Danina did not dance for a month, and began taking class again on the first of April. There was still snow on the ground outside, and once again she had to work harder than before to regain what she had lost, but this time the return to full strength was swifter. She was stronger now, and in better health.

She was back in rehearsals within a week, and performing again in early May. It was over a year since she had left Nikolai after their long, idyllic stay in the Czar's guest cottage during her convalescence from influenza. And in a year, little had changed between them. They were still deeply in love with each other, he was still married and living with his wife and children, and she was still at the ballet. But they were no closer than they had been a year before to a solution to their problems. If anything, Marie Obrajensky was more firmly entrenched than she had ever been in not leaving him. And in the past year, the two lovers had been able to save very little money for their future together. All they knew for sure was that a life together was still what they wanted. How to achieve it was the obstacle they constantly struggled to overcome. And Danina could not bring herself to agree to join him in Vermont. It was too big a change, she felt, too far away, too unknown, too foreign to her. And Nikolai continued to try and convince her, as gently as he could.

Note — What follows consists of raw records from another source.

lemma acts_semisimply_invariant_subspace:
  assumes M: "cv.subspace M" and T: "clinear_on M T" "\<And>y. y \<in> M \<Longrightarrow> T y \<in> M"
    and ss: "acts_semisimply M T"
    and U: "cv.subspace U" "U \<subseteq> M" and TU: "\<And>y. y \<in> U \<Longrightarrow> T y \<in> U"
  shows "acts_semisimply U T"
proof (rule acts_semisimplyI[OF U(1)], rule subsetI)
  fix u assume u: "u \<in> U"
  have TU_clinear: "clinear_on U T" using clinear_on_subset[OF T(1) U(2)] .
  have "{u} \<subseteq> cv.span (\<Union>h. eigsp M T h)"
    using u U(2) ss unfolding acts_semisimply_def by blast
  then obtain H where H: "finite H" "u \<in> cv.span (\<Union>h\<in>H. eigsp M T h)"
    using finite_subset_span_UN[of "{u}" "eigsp M T" UNIV] by auto
  obtain hs where hs: "set hs = H" using finite_list[OF H(1)] by blast
  have "eig_proj T hs h u \<in> eigsp U T h" for h
    using eig_proj_span(2)[OF M T, of u hs h] eig_proj_mem[OF U(1) TU_clinear TU u] H(2) hs
    unfolding eigsp_def by simp
  then have "(\<Sum>h\<in>set hs. eig_proj T hs h u) \<in> cv.span (\<Union>h. eigsp U T h)"
    by (intro cv.span_sum cv.span_base) blast
  then show "u \<in> cv.span (\<Union>h. eigsp U T h)"
    using eig_proj_span(1)[OF M T, of u hs] H(2) hs by simp
qed

lemma acts_semisimply_summand:
  assumes M: "cv.subspace M"
    and A: "clinear_on M A" "\<And>y. y \<in> M \<Longrightarrow> A y \<in> M"
    and B: "clinear_on M B" "\<And>y. y \<in> M \<Longrightarrow> B y \<in> M"
    and AB: "\<And>y. y \<in> M \<Longrightarrow> A (B y) = B (A y)"
    and ss_sum: "acts_semisimply M (\<lambda>y. A y + B y)" and ss_B: "acts_semisimply M B"
  shows "acts_semisimply M A"
proof (rule acts_semisimplyI[OF M])
  let ?L = "\<lambda>y. A y + B y"
  have L_clinear: "clinear_on M ?L"
    using A(1) B(1) unfolding clinear_on_def by (simp add: scaleC_add_right)
  have "eigsp M ?L h \<subseteq> cv.span (\<Union>h. eigsp M A h)" for h
  proof -
    let ?U = "eigsp M ?L h"
    have B_U: "B y \<in> ?U" if y: "y \<in> ?U" for y
    proof -
      have yM: "y \<in> M" and yL: "A y + B y = h *\<^sub>C y" using y unfolding eigsp_def by auto
      have "?L (B y) = B (A y + B y)"
        using AB[OF yM] clinear_on_add[OF B(1) A(2)[OF yM] B(2)[OF yM]] by simp
      also have "\<dots> = h *\<^sub>C B y" using yL clinear_on_scale[OF B(1) yM] by simp
      finally show ?thesis unfolding eigsp_def using B(2)[OF yM] by simp
    qed
    have "acts_semisimply ?U B"
      using acts_semisimply_invariant_subspace[OF M B ss_B subspace_eigsp[OF M L_clinear]
          eigsp_subset B_U] .
    moreover have "eigsp ?U B k \<subseteq> eigsp M A (h - k)" for k
    proof
      fix y assume "y \<in> eigsp ?U B k"
      then have "y \<in> M" "A y + B y = h *\<^sub>C y" "B y = k *\<^sub>C y" unfolding eigsp_def by auto
      moreover from this have "A y = (h - k) *\<^sub>C y"
        by (simp add: cv.scale_left_diff_distrib eq_diff_eq)
      ultimately show "y \<in> eigsp M A (h - k)" unfolding eigsp_def by simp
    qed
    then have "cv.span (\<Union>k. eigsp ?U B k) \<subseteq> cv.span (\<Union>h. eigsp M A h)"
      by (intro cv.span_mono) blast
    ultimately show ?thesis unfolding acts_semisimply_def by simp
  qed
  then have "cv.span (\<Union>h. eigsp M ?L h) \<subseteq> cv.span (\<Union>h. eigsp M A h)"
    by (intro cv.span_minimal) blast+
  then show "M \<subseteq> cv.span (\<Union>h. eigsp M A h)"
    using ss_sum unfolding acts_semisimply_def by simp
qed

definition generates ::
  "'v::cvec voa_data \<Rightarrow> 'm::cvec set \<Rightarrow> ('v \<Rightarrow> int \<Rightarrow> 'm \<Rightarrow> 'm) \<Rightarrow> 'm set \<Rightarrow> bool" where
  "generates V M Y B \<longleftrightarrow> M \<subseteq> gen_submodule V M Y B"

lemma generates_induct:
  assumes "generates V M Y B" "cv.subspace N" "N \<subseteq> M" "B \<subseteq> N"
    "\<And>u n x. u \<in> vspace V \<Longrightarrow> x \<in> N \<Longrightarrow> Y u n x \<in> N"
  shows "M \<subseteq> N"
  using assms unfolding generates_def gen_submodule_def by blast

lemma generates_span:
  assumes "generates V M Y B" "B \<subseteq> cv.span C"
  shows "generates V M Y C"
  unfolding generates_def
proof
  fix x assume "x \<in> M"
  show "x \<in> gen_submodule V M Y C"
    unfolding gen_submodule_def
  proof (rule InterI, clarify)
    fix N assume N: "cv.subspace N" "N \<subseteq> M" "C \<subseteq> N" "\<forall>u\<in>vspace V. \<forall>n. \<forall>w\<in>N. Y u n w \<in> N"
    have "B \<subseteq> N" using assms(2) cv.span_minimal[OF N(3,1)] by blast
    then show "x \<in> N" using generates_induct[OF assms(1) N(1,2)] N(4) \<open>x \<in> M\<close> by blast
  qed
qed

lemma generates_by_eigvecs:
  assumes "acts_semisimply M T" "generates V M Y B" "finite B" "B \<subseteq> M"
  obtains C \<kappa> where "generates V M Y C" "finite C" "\<And>c. c \<in> C \<Longrightarrow> c \<in> eigsp M T (\<kappa> c)"
proof -
  have "B \<subseteq> cv.span (\<Union>c\<in>(\<Union>h. eigsp M T h). {c})"
    using ord_le_eq_trans[OF assms(4) assms(1)[unfolded acts_semisimply_def]] by simp
  from finite_subset_span_UN[OF assms(3) this]
  obtain C where C: "finite C" "C \<subseteq> (\<Union>h. eigsp M T h)" "B \<subseteq> cv.span (\<Union>c\<in>C. {c})"
    by blast
  then have "generates V M Y C" using generates_span[OF assms(2)] by simp
  moreover obtain \<kappa> where "\<And>c. c \<in> C \<Longrightarrow> c \<in> eigsp M T (\<kappa> c)"
    using C(2) by (metis UN_iff subsetD)
  ultimately show ?thesis using C(1) that by blast
qed

lemma finitely_generated_obtain_generators:
  assumes "finitely_generated V M Y"
  obtains B where "generates V M Y B" "finite B" "B \<subseteq> M"
proof -
  obtain S where S: "fin_dim S" "S \<subseteq> M" "gen_submodule V M Y S = M"
    using assms unfolding finitely_generated_def by blast
  obtain B where B: "finite B" "B \<subseteq> S" "S \<subseteq> cv.span B" by (rule fin_dim_obtain_basis[OF S(1)])
  have "generates V M Y S" unfolding generates_def using S(3) by simp
  then have "generates V M Y B" using B(3) by (rule generates_span)
  moreover have "B \<subseteq> M" using B(2) S(2) by blast
  ultimately show ?thesis using that B(1) by blast
qed

lemma sum_fun_apply: "(\<Sum>i\<in>I. (F i :: 'a \<Rightarrow> 'b::comm_monoid_add)) x = (\<Sum>i\<in>I. F i x)"
  by (induction I rule: infinite_finite_induct) auto

lemma Sum_any_fun_apply:
  fixes F :: "nat \<Rightarrow> 'a \<Rightarrow> 'b::comm_monoid_add"
  assumes "\<And>i. i \<ge> K \<Longrightarrow> F i = 0"
  shows "Sum_any F x = Sum_any (\<lambda>i. F i x)"
proof -
  have "{i. F i \<noteq> 0} \<subseteq> {..<K}" "{i. F i x \<noteq> 0} \<subseteq> {..<K}"
    using assms by (force simp: not_less[symmetric])+
  then have "Sum_any F = sum F {..<K}" "Sum_any (\<lambda>i. F i x) = (\<Sum>i<K. F i x)"
    by (simp_all add: Sum_any.expand_superset)
  then show ?thesis by (simp add: sum_fun_apply)
qed

section \<open>The weak V1-module Hom_V2(W2, W)\<close>

lemma weak_module_subspace: "weak_module V M Y \<Longrightarrow> cv.subspace M"
  unfolding weak_module_def by blast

One of the Grand Duchesses fell ill in June, and kept both Imperial physicians busy. Nikolai had little time to visit Danina. He wanted to, but he couldn't get away, and she understood. And in early July, she had another tragedy when her oldest brother was killed in Czernoivitz. She had lost two now, and she knew from his letter that her father was beside himself over the death of his son. He had been with him when they were shelled, and miraculously he had been spared, but his firstborn was killed instantly. Danina took the news hard, and for weeks afterward she felt drained and lifeless. The war was taking a toll on all of them, even at the ballet. Dancers had lost brothers, friends, fathers, and one of their teachers had lost both her sons in April. Even in their cloistered world, it was impossible to ignore the war anymore.

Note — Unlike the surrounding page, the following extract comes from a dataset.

(* Let $(L_1,M_1,L_2,M_2)$ be a positive quadruple of Lagrangians in $\mathbf R^{2n}$. Then: (1) there exists a symplectic basis $(\mathbf e,\mathbf f)$ in standard position with respect to $(L_1,M_1,L_2,M_2)$, with associated diagonal matrix $\Lambda$; (2) any other symplectic basis in standard position with respect to $(L_1,M_1,L_2,M_2)$ is of the form $(\mathbf e\cdot h,\mathbf f\cdot h)$ for some $h\in \mathrm{O}(n)$ commuting with $\Lambda$; (3) setting $u=\Lambda^{1/2}$, the pair $(\mathbf e',\mathbf f')\mathrel{:=}(\mathbf f\cdot u,\,-\mathbf e\cdot u^{-1})$ is a symplectic basis in standard position with respect to $(L_2,M_2,L_1,M_1)$.
   Context: $\mathbf R^{2n}$ carries the standard symplectic form $\omega(x,y)={}^T x\begin{pmatrix}0&\mathrm{Id}\\-\mathrm{Id}&0\end{pmatrix}y$; Lagrangians are $n$-dimensional subspaces on which $\omega$ vanishes, and transverse means trivial intersection. For pairwise transverse Lagrangians $L_1,M,L_2$, let $M_{L_1\to L_2}\colon L_1\to L_2$ be the unique linear map whose graph $\{e+M_{L_1\to L_2}(e)\}$ is $M$; the Maslov form $[L_1,M,L_2]$ is the symmetric bilinear form $(v,w)\mapsto\omega(v,M_{L_1\to L_2}(w))$ on $L_1$. A quadruple $(L_1,M_1,L_2,M_2)$ is positive if $L_1,M_1,L_2$ and $L_2,M_2,L_1$ are pairwise transverse triples and $[L_1,M_1,L_2]$ and $[L_2,M_2,L_1]$ are positive definite. For families $\mathbf v=(v_1,\dots,v_n)$, $\mathbf w=(w_1,\dots,w_n)$ and an $n\times n$ matrix $g$, $\mathbf v\cdot g$ is the family with $j$-th term $\sum_i v_i g_{ij}$, $\mathbf v+\mathbf w=(v_1+w_1,\dots,v_n+w_n)$, and $\omega(\mathbf v,\mathbf w)$ is the matrix $(\omega(v_i,w_j))$. A symplectic basis is a pair $(\mathbf e,\mathbf f)$ of $n$-tuples forming a basis with $\omega(\mathbf e,\mathbf e)=\omega(\mathbf f,\mathbf f)=0$ and $\omega(\mathbf e,\mathbf f)=\mathrm{Id}$. A symplectic basis $(\mathbf e,\mathbf f)$ is in standard position with respect to a positive quadruple $(L_1,M_1,L_2,M_2)$ if there is a diagonal matrix $\Lambda$ with positive nondecreasing diagonal entries such that $L_1=\mathrm{Span}(\mathbf e)$, $L_2=\mathrm{Span}(\mathbf f)$, $M_1=\mathrm{Span}(\mathbf e+\mathbf f)$, $M_2=\mathrm{Span}(\mathbf e-\mathbf f\cdot\Lambda)$. *)

theory Defs
  imports "HOL-Analysis.Analysis"
begin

The only thing she had to look forward to that year was another vacation with Nikolai and the Imperial family in Livadia. And this time Madame Markova made no attempt to oppose it. She had come to an uneasy truce with Nikolai after Danina's last illness. She knew that he would have gladly stolen Danina from her, but the young prima showed no sign of going anywhere, or giving up the ballet for him. And Madame Markova felt secure now in her belief that Danina would never be able to bring herself to leave. Just as it was, and always had been to Madame Markova, the ballet was Danina's life.

The Czar was not in Livadia that year, he was with his troops in Mogilev, and felt obliged to stay with them. So it was only the women and children and both physicians who were there, and Danina. The Czarina and her daughters had allowed themselves to take a brief time off from nursing the soldiers, and were happy to be in Livadia again. They were all old friends now, and she and Nikolai were happier than they had ever been. It seemed a perfect time to both of them, a magical moment suspended in time, protected from a dangerous world seemingly far from them. In the safety of Livadia, they were shielded from the realities that had already engulfed everything else.